• 16. One sample t-test in R

Motivating Example: You understand the t-distribution, and using it for estimating uncertainty and testing the null that a mean equals \(\mu_0\). But it’s a lot of work to do this. If only there were an easier way 🤔. Here, we show how R can do this for us.

Learning Goals: By the end of this section, you will be able to:

Perform a one-sample t-test using the t.test() function.
Use the broom package (tidy(), augment()) to generate clean, predictable output from model objects.
Frame a one-sample t-test as a simple linear model using the lm() function.
Interpret the output of summary() for a simple linear model.

Code to load and process data

library(tidyr)
library(dplyr)
range_shift_file <- "https://whitlockschluter3e.zoology.ubc.ca/Data/chapter11/chap11q01RangeShiftsWithClimateChange.csv"
range_shift <- read_csv(range_shift_file) |>
  mutate(uphill = elevationalRangeShift > 0)|>
  separate(taxonAndLocation, into = c("taxon", "location"), sep = "_")

Stats in R

“What does a one-sample t-test in R mean”, you ask, realizing we just did that. Let me explain…

A poster saying "Easy peasy lemon squeezy." — Figure 1: R can make things easy! Image made with ChatGPT.

We just worked through the calculations for a confidence interval and a hypothesis test step by step. But R can do this for us in a single line. Now that you know how it works and what R is doing, I can show you how to have R do this work for you.

t.test()

The t.test() function is the easiest way to run a one-sample t-test in R. There are two relevant arguments:

x: A vector of observations.
mu: \(\mu_0\) – i.e. the expected value of x under the null hypothesis.

Note: Because x must be a vector, I pull() it out of its tibble.

t.test(x = pull(range_shift,elevationalRangeShift) , mu = 0)


    One Sample t-test

data:  pull(range_shift, elevationalRangeShift)
t = 7.1413, df = 30, p-value = 0.00000006057
alternative hypothesis: true mean is not equal to 0
95 percent confidence interval:
 28.08171 50.57635
sample estimates:
mean of x 
 39.32903

Tidying up R model outputs

The output of t-test() includes:

The test statistic, t.
The degrees of freedom.
The p-value.
The 95% confidence interval.
The sample estimate (in this case the mean).

While all of these results match our calculations (and are faster and easier to do), there is one problem – they are a mess. That is, they are stored in a format that you can read, but it’s not easy to process with a computer. The tidy() function in the broom package offers a convenient format:

library(broom)
t.test(x = pull(range_shift,elevationalRangeShift) , mu = 0) |>
  tidy()

t.test() output piped through broom's tidy() function
estimate	statistic	p.value	parameter	conf.low	conf.high	method	alternative
39.33	7.14	6.06e-08	30	28.08	50.58	One Sample t-test	two.sided

The statistic here is the t-value. The statistic column will contain the value of whichever test statistic your analysis produces.

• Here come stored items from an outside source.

lemma mdeg_add: "mdeg (a + b) = mdeg a + mdeg b"
proof -
  have fin: "finite (keys a \<union> keys b)" by simp
  have "mdeg (a + b) = (\<Sum>j\<in>keys a \<union> keys b. lookup (a + b) j)"
    using sum_lookup_eq_mdeg[OF fin, of "a + b"] keys_add[of a b] by simp
  also have "\<dots> = (\<Sum>j\<in>keys a \<union> keys b. lookup a j) + (\<Sum>j\<in>keys a \<union> keys b. lookup b j)"
    by (simp add: lookup_add sum.distrib)
  also have "\<dots> = mdeg a + mdeg b" using sum_lookup_eq_mdeg[OF fin] by simp
  finally show ?thesis .
qed

lemma mdvd_keys_subset: "mdvd a b \<Longrightarrow> keys a \<subseteq> keys b"
  unfolding mdvd_def by (metis in_keys_iff le_zero_eq subsetI)

lemma finite_monomials_deg: "finite {a. keys a \<subseteq> {0..n} \<and> mdeg a = d}"
proof -
  define of_fun :: "(nat \<Rightarrow> nat) \<Rightarrow> nat \<Rightarrow>\<^sub>0 nat" where
    "of_fun f = Abs_poly_mapping (\<lambda>j. if j \<le> n then f j else 0)" for f
  have "{a. keys a \<subseteq> {0..n} \<and> mdeg a = d} \<subseteq> of_fun ` (PiE {0..n} (\<lambda>_. {0..d}))"
  proof
    fix a assume a: "a \<in> {a. keys a \<subseteq> {0..n} \<and> mdeg a = d}"
    let ?f = "restrict (lookup a) {0..n}"
    have fin: "finite {j. (if j \<le> n then ?f j else 0) \<noteq> 0}"
      by (rule finite_subset[of _ "{0..n}"]) (auto split: if_splits)
    have "lookup (of_fun ?f) j = lookup a j" for j
      unfolding of_fun_def using fin a by (auto simp: in_keys_iff)
    then have "of_fun ?f = a" by (intro poly_mapping_eqI) simp
    moreover have "?f \<in> PiE {0..n} (\<lambda>_. {0..d})" using a lookup_le_mdeg by auto
    ultimately show "a \<in> of_fun ` (PiE {0..n} (\<lambda>_. {0..d}))" by (metis image_eqI)
  qed
  moreover have "finite (of_fun ` (PiE {0..n} (\<lambda>_. {0..d})))"
    by (intro finite_imageI finite_PiE) auto
  ultimately show ?thesis by (rule finite_subset)
qed

lemma finite_init_deg: "V \<subseteq> {0..n} \<Longrightarrow> finite (init_deg V ord J m)"
  by (rule finite_subset[OF _ finite_monomials_deg[of n m]]) (auto simp: init_deg_def)

lemma finite_T_deg: "finite (T_deg n l ns m)"
  by (rule finite_subset[OF _ finite_monomials_deg[of n m]]) (auto simp: T_deg_def)

section \<open>Monomial orders and leading monomials\<close>

lemma finite_total_has_least:
  assumes "finite S" "S \<noteq> {}" "\<forall>x\<in>S. \<forall>y\<in>S. R x y \<or> R y x"
    "\<forall>x\<in>S. \<forall>y\<in>S. \<forall>z\<in>S. R x y \<and> R y z \<longrightarrow> R x z"
  shows "\<exists>x\<in>S. \<forall>y\<in>S. R x y"
  using assms
proof (induction S rule: finite_ne_induct)
  case (singleton x) then show ?case by blast
next
  case (insert x F)
  obtain y where y: "y \<in> F" "\<forall>z\<in>F. R y z" using insert.IH insert.prems by blast
  show ?case
  proof (cases "R x y")
    case True
    then have "\<forall>z\<in>insert x F. R x z" using y insert.prems by blast
    then show ?thesis by blast
  next
    case False
    then have "\<forall>z\<in>insert x F. R y z" using y insert.prems by blast
    then show ?thesis using y(1) by blast
  qed
qed

lemma mono_order_iff:
  "mono_order V ord \<longleftrightarrow>
     (\<forall>a. keys a \<subseteq> V \<longrightarrow> ord a a) \<and>
     (\<forall>a b. keys a \<subseteq> V \<longrightarrow> keys b \<subseteq> V \<longrightarrow> ord a b \<longrightarrow> ord b a \<longrightarrow> a = b) \<and>
     (\<forall>a b c. keys a \<subseteq> V \<longrightarrow> keys b \<subseteq> V \<longrightarrow> keys c \<subseteq> V \<longrightarrow> ord a b \<longrightarrow> ord b c \<longrightarrow> ord a c) \<and>
     (\<forall>a b. keys a \<subseteq> V \<longrightarrow> keys b \<subseteq> V \<longrightarrow> ord a b \<or> ord b a) \<and>
     (\<forall>a b c. keys a \<subseteq> V \<longrightarrow> keys b \<subseteq> V \<longrightarrow> keys c \<subseteq> V \<longrightarrow> ord a b \<longrightarrow> ord (a + c) (b + c)) \<and>
     (\<forall>A. A \<subseteq> {a. keys a \<subseteq> V} \<longrightarrow> A \<noteq> {} \<longrightarrow> (\<exists>a\<in>A. \<forall>b\<in>A. ord a b))"
  unfolding mono_order_def Let_def Ball_def mem_Collect_eq by (simp add: imp_conjL)

lemma mono_orderD:
  assumes "mono_order V ord"
  shows mono_order_refl: "keys a \<subseteq> V \<Longrightarrow> ord a a"
    and mono_order_antisym: "keys a \<subseteq> V \<Longrightarrow> keys b \<subseteq> V \<Longrightarrow> ord a b \<Longrightarrow> ord b a \<Longrightarrow> a = b"
    and mono_order_trans:
      "keys a \<subseteq> V \<Longrightarrow> keys b \<subseteq> V \<Longrightarrow> keys c \<subseteq> V \<Longrightarrow> ord a b \<Longrightarrow> ord b c \<Longrightarrow> ord a c"
    and mono_order_total: "keys a \<subseteq> V \<Longrightarrow> keys b \<subseteq> V \<Longrightarrow> ord a b \<or> ord b a"
    and mono_order_add:
      "keys a \<subseteq> V \<Longrightarrow> keys b \<subseteq> V \<Longrightarrow> keys c \<subseteq> V \<Longrightarrow> ord a b \<Longrightarrow> ord (a + c) (b + c)"
    and mono_order_wf: "A \<subseteq> {a. keys a \<subseteq> V} \<Longrightarrow> A \<noteq> {} \<Longrightarrow> \<exists>a\<in>A. \<forall>b\<in>A. ord a b"
  using assms unfolding mono_order_iff by metis+

lemma mono_order_subset:
  assumes mo: "mono_order V ord" and W: "W \<subseteq> V"
  shows "mono_order W ord"
  unfolding mono_order_iff
proof (intro conjI allI impI)
  fix A :: "(nat \<Rightarrow>\<^sub>0 nat) set" assume "A \<subseteq> {a. keys a \<subseteq> W}" "A \<noteq> {}"
  then show "\<exists>a\<in>A. \<forall>b\<in>A. ord a b" using mono_order_wf[OF mo, of A] W by auto
qed (use mono_orderD[OF mo] W in \<open>meson subset_trans\<close>)+

lemma lm_eqI:
  fixes f :: "('a::zero) mpoly"
  assumes mo: "mono_order V ord" and f: "\<forall>a\<in>keys f. keys a \<subseteq> V"
    and a: "a \<in> keys f" "\<forall>b\<in>keys f. ord b a"
  shows "lm ord f = a"
  unfolding lm_def
proof (rule the_equality)
  show "a \<in> keys f \<and> (\<forall>b\<in>keys f. ord b a)" using a by auto
next
  fix x assume "x \<in> keys f \<and> (\<forall>b\<in>keys f. ord b x)"
  then show "x = a" using a mono_order_antisym[OF mo] f by blast
qed

lemma lm_greatest:
  fixes f :: "('a::zero) mpoly"
  assumes mo: "mono_order V ord" and f: "f \<noteq> 0" "\<forall>a\<in>keys f. keys a \<subseteq> V"
  shows "lm ord f \<in> keys f" "\<forall>b\<in>keys f. ord b (lm ord f)"
proof -
  have "\<exists>a\<in>keys f. \<forall>b\<in>keys f. ord b a"
  proof (rule finite_total_has_least[of "keys f" "\<lambda>a b. ord b a"])
    show "\<forall>a\<in>keys f. \<forall>b\<in>keys f. ord b a \<or> ord a b" using mono_order_total[OF mo] f(2) by blast
    show "\<forall>a\<in>keys f. \<forall>b\<in>keys f. \<forall>c\<in>keys f. ord b a \<and> ord c b \<longrightarrow> ord c a"
      using mono_order_trans[OF mo] f(2) by blast
  qed (use f(1) in auto)
  then obtain a where "a \<in> keys f" "\<forall>b\<in>keys f. ord b a" by blast
  with lm_eqI[OF mo f(2) this] show "lm ord f \<in> keys f" "\<forall>b\<in>keys f. ord b (lm ord f)" by auto
qed

lemma lm_cong:
  fixes f :: "('a::zero) mpoly"
  shows "\<forall>a\<in>keys f. \<forall>b\<in>keys f. ord a b = ord' a b \<Longrightarrow> lm ord f = lm ord' f"
  unfolding lm_def by (intro arg_cong[where f=The] ext) auto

The general linear model framework in R

An alternative approach to the t.test() function is to use the R’s framework for linear models. Remember that a linear model predicts the value of the response variable of the \(i^{th}\) observation \(\hat{Y_i}\) as a function of things in our model. For a one sample t-test, our model only contains the mean, which we represent as the “intercept”, \(a\):

\[\hat{Y_i} = a\]

Of course, actual observations \(Y_i\), will deviate from model predictions. This deviation, known as the “residual” is shown as \(e_i\):

\[Y_i = \hat{Y_i} + e_i\] \[Y_i = a+e_i\]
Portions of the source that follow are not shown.